Sanıklardan İskender Şahin, Nebil Kabasakal, Ali Ekşi, Ferdi Gazel, İsmail Gürbüz, Umut Düzel, Hacel Sat, Ali Düzel, Muhammed Ali Sertel, Süleyman Okur, Yıldıray Çetin ve Aykan Hamurcu'nun bombalama eyleminden haberdar olduğunun belirlenemediğini ifade eden Taşkıran, ancak bu kişilerin, patlamaları gerçekleştirenlerin terör örgütü üyesi olduklarını bildiğini, bunlarla irtibat halinde bulunduklarını, talimatlarına uyduklarını ve onlara yardım ettiklerini bildirdi.

Taşkıran, sanıklar Küçükdüveyki ve Gümüşlü'nün hazırlık süreci boyunca patlamayı organize eden sanıklarla görüştüğü, terör örgütü üyesi olduklarını bildiği, talimatlarına uyduğu, gizlilik içerisinde hareket ettiği, araca 'zula' denilen gizli bölmeler yapmanın suçta kullanılmaya yönelik olduğunu bildiklerini anlatan Taşkıran, bu kişilerin eylemlerinin 'örgüt içerisinde yer almaksızın örgüte bilerek ve isteyerek yardım olduğunu' vurguladı.

- 53 kez ağırlaştırılmış müebbet

Savcı Taşkıran, sanıklardan Eskiocak, Genç, Büyükkasım, Mansuroğlu, Özdemir, Evet, Ördek, Nazik ve Kılıç'ın 'devletin birliğini ve ülke bütünlüğünü bozmak' ile 52 kişiyi 'kasten öldürmek' suçundan 53'er kez ağırlaştırılmış müebbet hapis cezasına çarptırılmalarını istedi.

Bu sanıkların 52 kişiyi 'öldürmeye teşebbüs' etmek suçundan bin 560'ar yıla kadar mahkumiyetini talep eden Taşkıran, sanıkların ayrıca 'patlayıcı madde temin etmek, bulundurmak, nakletmek', 'kasten yaralama' ve 'mala zarar verme' suçlarından cezalandırılmaları isteğini dile getirdi.

Sanıklardan İskender Şahin, Nebil Kabasakal, Ali Ekşi, Ferdi Gazel, İsmail Gürbüz, Umut Düzel, Hacel Sat, Ali Düzel, Muhammed Ali Sertel, Süleyman Okur ve Yıldıray Çetin hakkında 'örgüte üye olmamakla birlikte örgüt adına suç işlemek' ve 'suçluyu kayırmak' suçlarından 20'şer yıla kadar hapis cezası talebinde bulunan Taşkıran, Küçükdüveyki ve Gümüşlü'nün 'örgüt içindeki hiyerarşik yapıya dahil olmamakla birlikte örgüte bilerek veisteyerek yardım' suçundan 15'er yıla kadar mahkumiyetlerini istedi.

Sanıklardan Muhammet Gümüş, İnan Köseoğlu ve Mahmut Alper Düzgün'ün, mahkumiyetlerine ilişkin delil bulunmadığı gerekçesiyle beraatini isteyen Taşkıran, dosyanın uzamaması dikkate alınarak, Mihraç Ural, Ömer El Hatip, Muhammet Dip Korali, Yusuf Nazik, Cengiz Sertel, Ercan Bayat, Temir Dükancı ve Aykan Hamurcu'nun dosyalarının ayrılması talebinde bulundu.

Mahkeme heyeti, sanıklar ve avukatlarına esas hakkında savunmalarını hazırlamaları için süre vererek duruşmayı erteledi.

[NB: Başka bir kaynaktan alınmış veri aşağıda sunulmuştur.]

lemma symmetric_invariant_subspace_has_unit_eigenvector:
  fixes M :: "real^'n^'n"
  assumes sym: "transpose M = M" and S: "subspace S"
    and inv: "\<And>x. x \<in> S \<Longrightarrow> M *v x \<in> S" and nontriv: "S \<noteq> {0}"
  shows "\<exists>v c. v \<in> S \<and> norm v = 1 \<and> M *v v = c *\<^sub>R v"
proof -
  let ?K = "S \<inter> sphere 0 1"
  obtain z where z: "z \<in> S" "z \<noteq> 0" using nontriv subspace_0[OF S] by blast
  then have "z /\<^sub>R norm z \<in> ?K" using S by (simp add: subspace_scale)
  then have "?K \<noteq> {}" by auto
  moreover have "compact ?K"
    using closed_subspace[OF S] by (metis Int_commute compact_Int_closed compact_sphere)
  moreover have "continuous_on ?K (\<lambda>x. x \<bullet> (M *v x))"
    by (intro continuous_intros linear_continuous_on) (simp add: linear_conv_bounded_linear[symmetric])
  ultimately obtain v where "v \<in> ?K" and "\<forall>y\<in>?K. y \<bullet> (M *v y) \<le> v \<bullet> (M *v v)"
    using continuous_attains_sup by blast
  then show ?thesis
    using symmetric_rayleigh_max_is_eigenvector[OF sym S inv, of v] by auto
qed

lemma subspace_subset_span_insert:
  fixes v :: "'a::real_inner"
  assumes S: "subspace S" and vS: "v \<in> S" and vv: "v \<bullet> v = 1"
    and "{x \<in> S. x \<bullet> v = 0} \<subseteq> span B"
  shows "S \<subseteq> span (insert v B)"
proof
  fix x assume x: "x \<in> S"
  have "x - (x \<bullet> v) *\<^sub>R v \<in> span B"
    using assms x by (auto simp: subspace_diff subspace_scale inner_diff_left)
  then have "x - (x \<bullet> v) *\<^sub>R v \<in> span (insert v B)"
    by (meson span_mono subset_insertI subsetD)
  moreover have "(x \<bullet> v) *\<^sub>R v \<in> span (insert v B)" by (simp add: span_base span_scale)
  ultimately have "x - (x \<bullet> v) *\<^sub>R v + (x \<bullet> v) *\<^sub>R v \<in> span (insert v B)"
    by (rule span_add)
  then show "x \<in> span (insert v B)" by simp
qed

lemma symmetric_invariant_subspace_orthonormal_eigenbasis:
  fixes M :: "real^'n^'n"
  assumes sym: "transpose M = M"
  shows "subspace S \<Longrightarrow> (\<And>x. x \<in> S \<Longrightarrow> M *v x \<in> S) \<Longrightarrow>
    \<exists>B. finite B \<and> B \<subseteq> S \<and> pairwise orthogonal B \<and> S \<subseteq> span B \<and>
        (\<forall>x\<in>B. norm x = 1 \<and> (\<exists>c. M *v x = c *\<^sub>R x))"
proof (induction "dim S" arbitrary: S rule: less_induct)
  case less
  show ?case
  proof (cases "S = {0}")
    case True
    then show ?thesis by (intro exI[of _ "{}"]) auto
  next
    case False
    then obtain v c where vS: "v \<in> S" and vn: "norm v = 1" and eig: "M *v v = c *\<^sub>R v"
      using symmetric_invariant_subspace_has_unit_eigenvector[OF sym less.prems] by blast
    have vv: "v \<bullet> v = 1" using vn by (simp add: norm_eq_1)
    define S' where "S' = {x \<in> S. x \<bullet> v = 0}"
    have sub': "subspace S'" unfolding S'_def using less.prems(1)
      by (auto simp: subspace_def inner_add_left)
    have inv': "M *v x \<in> S'" if x: "x \<in> S'" for x
    proof -
      have "(M *v x) \<bullet> v = x \<bullet> (M *v v)"
        using inner_transpose_matrix_vector[of x M v] sym by simp
      also have "\<dots> = 0" using x eig by (simp add: S'_def)
      finally show ?thesis using x less.prems(2) by (simp add: S'_def)
    qed
    have "S' \<subset> S" using vS vv unfolding S'_def
      by (metis (mono_tags, lifting) mem_Collect_eq psubsetI subsetI zero_neq_one)
    then have "span S' \<subset> span S" using sub' less.prems(1) by (metis real_vector.span_eq_iff)
    then have "dim S' < dim S" by (rule dim_psubset)
    then obtain B' where B': "finite B'" "B' \<subseteq> S'" "pairwise orthogonal B'" "S' \<subseteq> span B'"
       "\<forall>x\<in>B'. norm x = 1 \<and> (\<exists>c. M *v x = c *\<^sub>R x)"
      using less.hyps[OF _ sub' inv'] by blast
    show ?thesis
    proof (intro exI[of _ "insert v B'"] conjI)
      show "finite (insert v B')" "insert v B' \<subseteq> S" using B' vS unfolding S'_def by auto
      show "\<forall>x\<in>insert v B'. norm x = 1 \<and> (\<exists>c. M *v x = c *\<^sub>R x)" using B' vn eig by auto
      show "pairwise orthogonal (insert v B')"
        using B'(2,3) unfolding S'_def by (auto simp: pairwise_insert orthogonal_def inner_commute)
      show "S \<subseteq> span (insert v B')"
        using subspace_subset_span_insert[OF less.prems(1) vS vv] B'(4) unfolding S'_def .
    qed
  qed
qed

Sanıkların tutukluluk halinin devamına hükmeden heyet, firarilerin yakalanması yönündeki kararların devamını kararlaştırdı.

Bu arada, duruşmanın sonunda, saldırıda ölenlerin bazı yakınları, sanık avukatlarına tepki gösterdi.

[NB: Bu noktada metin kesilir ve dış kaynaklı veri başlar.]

definition Phi1 :: "clause list \<times> clause list \<times> clause list \<Rightarrow> nat \<Rightarrow> nat \<Rightarrow> cnf" where
  "Phi1 \<omega> M M' = (case \<omega> of (a, a', a'') \<Rightarrow> take M a @ take M' a')"

definition Phi2 :: "clause list \<times> clause list \<times> clause list \<Rightarrow> nat \<Rightarrow> nat \<Rightarrow> cnf" where
  "Phi2 \<omega> M M' = (case \<omega> of (a, a', a'') \<Rightarrow> take M a @ take M' a'')"

definition logZ :: "nat \<Rightarrow> cnf \<Rightarrow> real" where
  "logZ n \<Psi> = ln (real (Z n (prune \<Psi>)))"

definition Delta :: "nat \<Rightarrow> nat \<Rightarrow> nat \<Rightarrow> real" where
  "Delta n m M = measure_pmf.expectation (sample n m) (\<lambda>\<omega>.
      ln (real (Z n (prune (Phi1 \<omega> M (m - M)))) / real (Z n (prune (Phi1 \<omega> (M - 1) (m - M)))))
    * ln (real (Z n (prune (Phi2 \<omega> M (m - M)))) / real (Z n (prune (Phi2 \<omega> (M - 1) (m - M))))))"

definition Delta' :: "nat \<Rightarrow> nat \<Rightarrow> nat \<Rightarrow> real" where
  "Delta' n m M = measure_pmf.expectation (sample n m) (\<lambda>\<omega>.
      ln (real (Z n (prune (Phi1 \<omega> (M - 1) (m - M + 1)))) / real (Z n (prune (Phi1 \<omega> (M - 1) (m - M)))))
    * ln (real (Z n (prune (Phi2 \<omega> (M - 1) (m - M + 1)))) / real (Z n (prune (Phi2 \<omega> (M - 1) (m - M))))))"

end

theory Submission
  imports Defs
begin

text \<open>Let \<open>G(M)\<close> be the joint moment \<open>E[log Z(\<Phi>\<^sub>1(M, m-M)) log Z(\<Phi>\<^sub>2(M, m-M))]\<close> of two
  pruned formulas sharing their first \<open>M\<close> clauses. Then \<open>G(m) = E[(log Z(\<Phi>))\<^sup>2]\<close>, and for
  \<open>M = 0\<close> the two formulas are independent, so \<open>G(0) = E[log Z(\<Phi>)]\<^sup>2\<close>: the variance telescopes
  into \<open>\<Sum> (G(M) - G(M-1))\<close>. Expanding \<open>\<Delta>(M) - \<Delta>'(M)\<close> gives \<open>G(M) - G(M-1)\<close> plus two cross
  terms, which cancel because exchanging the shared clause \<open>a\<^sub>M\<close> with the private clause
  \<open>a'\<^bsub>m-M+1\<^esub>\<close> preserves the distribution and does not change the relevant formulas as sets of
  clauses. Pruning is needed only to split the logarithms of the ratios: a pruned 2-CNF has no
  literal implying its negation, hence is satisfiable, so all partition functions are positive.\<close>

section \<open>Implication closure of 2-CNFs\<close>

lemma neg_lit_neg_lit [simp]: "neg_lit (neg_lit l) = l"
  by (simp add: neg_lit_def)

Duruşma salonu önünde de bu kişilerle polis arasında tartışma çıktı. Çevik kuvvet polislerinin müdahalesi sırasında davanın müdahili bir kişi başından yaralandı.

- Davanın geçmişi

Hatay'ın Reyhanlı ilçesinde 11 Mayıs 2013'te bomba yüklü araçlarla düzenlenen 2 ayrı saldırıda 53 kişi hayatını kaybetmişti.

İddianamede, 2'si Suriyeli 33 sanıktan 19'u hakkında 'devletin birliği ve bütünlüğünü bozmaya teşebbüsten' ağırlaştırılmış müebbet hapis ile 52 kişinin ölümüne sebep olmaktan 52'şer kez ağırlaştırılmış müebbet hapis istenmişti. Bu istemin ardından, saldırıda ağır yaralanan bir kişi daha hastanede yaşamını yitirmiş, ölenlerin sayısı 53'e yükselmişti.

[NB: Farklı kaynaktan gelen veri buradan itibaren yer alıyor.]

text \<open>The copies of a node decide by majority vote, so as long as every node keeps at most f
  faulty copies, induction on the rounds shows that the correct copies follow the fault-free
  execution.  A node has f+1 faulty copies with probability about p^(f+1), so by a union bound
  this fails with probability O(n p^(f+1)), which vanishes below the threshold n^(-1/(f+1)).
  Above it, the expected number of sending nodes whose first f+1 copies are faulty, next to a
  correct copy of an out-neighbour, is about n p^(f+1) \<longrightarrow> \<infinity>; these events are nearly
  uncorrelated, so by the second moment method one of them occurs with high probability, and
  silent faulty copies then mislead an algorithm that watches for silent in-neighbours.\<close>

section \<open>Voting and simulation\<close>

lemma vote_eq_if_at_most_f_deviate:
  assumes few: "card {i. i < 2 * f + 1 \<and> \<not> agrees i} \<le> f"
    and agree: "\<And>i. i < 2 * f + 1 \<Longrightarrow> agrees i \<Longrightarrow> g i = M"
  shows "vote f g = M"
proof -
  define Ag where "Ag = {i. i < 2 * f + 1 \<and> agrees i}"
  define Dv where "Dv = {i. i < 2 * f + 1 \<and> \<not> agrees i}"
  have "Ag \<union> Dv = {..<2 * f + 1}" "Ag \<inter> Dv = {}" by (auto simp: Ag_def Dv_def)
  hence "card Ag + card Dv = 2 * f + 1"
    by (metis card_Un_disjoint card_lessThan finite_Un finite_lessThan)
  hence card_Ag: "f + 1 \<le> card Ag" using few unfolding Dv_def by linarith
  have minority: "card {i. i < 2 * f + 1 \<and> g i = Some m} \<le> f" if "M \<noteq> Some m" for m
  proof -
    have "{i. i < 2 * f + 1 \<and> g i = Some m} \<subseteq> Dv" using agree that by (auto simp: Dv_def)
    hence "card {i. i < 2 * f + 1 \<and> g i = Some m} \<le> card Dv"
      by (intro card_mono) (auto simp: Dv_def)
    thus ?thesis using few by (simp add: Dv_def)
  qed
  show ?thesis
  proof (cases M)
    case None
    hence "\<not> (\<exists>m. f + 1 \<le> card {i. i < 2 * f + 1 \<and> g i = Some m})"
      using minority by (metis not_less_eq_eq option.distinct(1) Suc_eq_plus1)
    thus ?thesis using None by (simp add: vote_def)
  next
    case (Some m)
    have "Ag \<subseteq> {i. i < 2 * f + 1 \<and> g i = Some m}" using agree Some by (auto simp: Ag_def)
    hence majority: "f + 1 \<le> card {i. i < 2 * f + 1 \<and> g i = Some m}"
      using card_Ag card_mono[of "{i. i < 2 * f + 1 \<and> g i = Some m}" Ag] by fastforce
    have "(THE m. f + 1 \<le> card {i. i < 2 * f + 1 \<and> g i = Some m}) = m"
    proof (rule the_equality)
      fix m' assume "f + 1 \<le> card {i. i < 2 * f + 1 \<and> g i = Some m'}"
      thus "m' = m" using minority[of m'] Some by fastforce
    qed (rule majority)
    thus ?thesis using majority Some by (auto simp: vote_def)
  qed
qed

lemma vote_eq_None_if_prefix_silent:
  assumes "\<And>i. i < f + 1 \<Longrightarrow> silent i"
  shows "vote f (\<lambda>i. if silent i then None else Some ()) = None"
proof -
  have "card {i. i < 2 * f + 1 \<and> (if silent i then None else Some ()) = Some m} \<le> f" for m
  proof -
    have "{i. i < 2 * f + 1 \<and> (if silent i then None else Some ()) = Some m} \<subseteq> {f + 1..<2 * f + 1}"
      using assms by (auto split: if_splits) (meson not_le)
    from card_mono[OF _ this] show ?thesis by simp
  qed
  hence "\<not> (\<exists>m. f + 1 \<le> card {i. i < 2 * f + 1 \<and> (if silent i then None else Some ()) = Some m})"
    by (metis not_less_eq_eq Suc_eq_plus1)
  thus ?thesis by (simp add: vote_def)
qed

lemma strong_sim_if_few_faulty_copies:
  assumes G: "digraph V E"
    and few: "\<forall>v \<in> V. card {i. i < 2 * f + 1 \<and> X (v, i)} \<le> f"
  shows "strong_sim f V E A {x. X x} adv inp"
  unfolding strong_sim_def
proof
  fix r
  show "\<forall>y \<in> reinf_nodes V f - {x. X x}. rexec f E A {x. X x} adv inp r y = exec E A inp r (fst y)"
  proof (induction r)
    case 0
    thus ?case by simp
  next
    case (Suc r)
    show ?case
    proof
      fix y assume y: "y \<in> reinf_nodes V f - {x. X x}"
      have received: "vote f (\<lambda>i. if (w, i) \<in> {x. X x} then adv r (w, i) y
                   else alg_send A w (rexec f E A {x. X x} adv inp r (w, i)) (fst y))
              = alg_send A w (exec E A inp r w) (fst y)" if "(w, fst y) \<in> E" for w
      proof (rule vote_eq_if_at_most_f_deviate[where agrees = "\<lambda>i. \<not> X (w, i)"])
        have "w \<in> V" using G that by (auto simp: digraph_def)
        thus "card {i. i < 2 * f + 1 \<and> \<not> \<not> X (w, i)} \<le> f" using few by simp
        fix i assume "i < 2 * f + 1" "\<not> X (w, i)"
        hence "(w, i) \<in> reinf_nodes V f - {x. X x}" using \<open>w \<in> V\<close> by (auto simp: reinf_nodes_def)
        thus "(if (w, i) \<in> {x. X x} then adv r (w, i) y
                   else alg_send A w (rexec f E A {x. X x} adv inp r (w, i)) (fst y))
              = alg_send A w (exec E A inp r w) (fst y)"
          using Suc by auto
      qed
      have "rexec f E A {x. X x} adv inp r y = exec E A inp r (fst y)" using Suc y by blast
      thus "rexec f E A {x. X x} adv inp (Suc r) y = exec E A inp (Suc r) (fst y)"
        using received by (simp cong: if_cong)
    qed
  qed
qed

Sanıklara, 'silahlı terör örgütüne üye olma ve yardım etme', 'öldürmeye teşebbüs', 'patlayıcı madde bulundurma', 'mala zarar verme', 'kasten yaralama', 'suçluyu kayırma' ve '130 kişiyi öldürmeye teşebbüs' suçlamaları da yöneltiliyor.

İddianamede, saldırının, terör örgütü THKP/C-Acilciler elebaşı Mihraç Ural tarafından organize edildiği kaydediliyor. Ural'ın, Suriye'deki iç savaş sonrasında rejimin desteğiyle muhaliflere karşı savaştığı, Suriye istihbarat yetkilileriyle irtibatlı olduğu ve onların talimatlarını yerine getirdiği bildirilen iddianamede, 'sanıkların eylemi, Suriye istihbarat örgütü ve bu örgütle paralel silahlı faaliyet yürüten THKP/C-Acilciler'in talimatıyla gerçekleştirdikleri' anlatılıyor.

Davanın görülmesine Adana 8. Ağır Ceza Mahkemesinde başlanmıştı. Terörle Mücadele Kanunu'nun 10. maddesiyle görevli mahkeme ve savcılıkların kaldırılmasının ardından dava Hatay Ağır Ceza Mahkemesine gönderilmiş, buradan da güvenlik gerekçesiyle Ankara'ya nakledilmişti.